You aren't measuring things that really matter.
There can be lots of reasons for this issue. Perhaps you are measuring something that has little or no impact on your competitive position. In strategic planning, this is worse than a waste of time.
Ask yourself: if ONLY this number improved, would we really be better off? In many cases, the numbers you look at overlap with other numbers. To use a simple example from financial measurements, it's somewhat redundant to look at both gross margin and net profit, because net profit is simply gross margin minus fixed costs and a few other expenses. I won't tell you which you should look at in your own company, but I will tell you it's rare that a company should include both numbers in the five to ten core metrics in a streamlined balanced scorecard. This means you need to pick one, understand that it (like all metrics) will have the flaw of not being complete, and move on.
Another reason why companies sometimes measure things that don't really matter is that the metric chosen makes the company look good. At worst, this can be a case of throwing in a number because it can be counted on to give us good news even when the other numbers are telling us bad news. Again, if the number does not affect your competitive position or your ability to succeed, consider eliminating it from your scorecard.

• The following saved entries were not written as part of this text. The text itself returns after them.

lemma Fp_sgnpow_summable:
  assumes "Fp b p U g" "z \<in> U" "\<forall>y. 0 \<le> b z y"
  shows "(\<lambda>y. b z y * sgnpow p (g z - g y)) summable_on UNIV"
proof -
  have "(\<lambda>y. norm (b z y * sgnpow p (g z - g y))) = (\<lambda>y. b z y * \<bar>g z - g y\<bar> powr (p - 1))"
    using assms(3) by (simp add: abs_mult abs_sgnpow)
  then show ?thesis
    using assms(1,2) summable_on_iff_abs_summable_on_real[of "\<lambda>y. b z y * sgnpow p (g z - g y)"]
    by (simp add: Fp_def)
qed

lemma energy_fun_upd:
  assumes "\<forall>x y. b x y = b y x" "z \<in> U" "(\<lambda>y. b z y * sgnpow p (u z - u y)) summable_on U"
  shows "energy b p U u (\<lambda>x. (u(z := a)) x - u x) = (a - u z) * (\<Sum>\<^sub>\<infinity>y\<in>U. b z y * sgnpow p (u z - u y))"
proof -
  define R where "R = (\<lambda>y. b z y * sgnpow p (u z - u y))"
  define H where "H x y = b x y * sgnpow p (u x - u y) * ((u(z := a)) x - u x - ((u(z := a)) y - u y))"
    for x y
  have row: "(\<lambda>y. H z y) = (\<lambda>y. (a - u z) * R y)"
    by (auto simp: fun_eq_iff H_def R_def)
  have "sgnpow p (u x - u z) = - sgnpow p (u z - u x)" for x
    using sgnpow_minus[of p "u z - u x"] by simp
  then have col: "(\<lambda>x. H x z) = (\<lambda>y. (a - u z) * R y)"
    using assms(1) by (auto simp: fun_eq_iff H_def R_def) (simp add: algebra_simps)
  have R: "((\<lambda>y. (a - u z) * R y) has_sum ((a - u z) * infsum R U)) U"
    using assms(3) unfolding R_def by (intro has_sum_cmult_right has_sum_infsum)
  have "((\<lambda>(x, y). H x y) has_sum ((a - u z) * infsum R U + (a - u z) * infsum R U)) (U \<times> U)"
  proof (rule has_sum_row_col)
    show "((\<lambda>y. H z y) has_sum ((a - u z) * infsum R U)) U"
      unfolding row by (fact R)
    show "((\<lambda>x. H x z) has_sum ((a - u z) * infsum R U)) U"
      unfolding col by (fact R)
  qed (auto simp: H_def assms(2))
  then show ?thesis
    by (simp add: energy_def H_def R_def infsumI)
qed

There is an even more insidious problem associated with measuring things that don't matter - if this is your company's problem, you are very likely shying away from measuring things that matter very much. Sometimes this is because managers fear the implications of managing to certain metrics. If managers fear measuring profit per employee, for example, because it might lead to staff reductions, you should be asking yourself whether this fear is useful. There are many industries where staff reductions are a vital strategic management tool - failing to consider them when appropriate can be a major strategic error.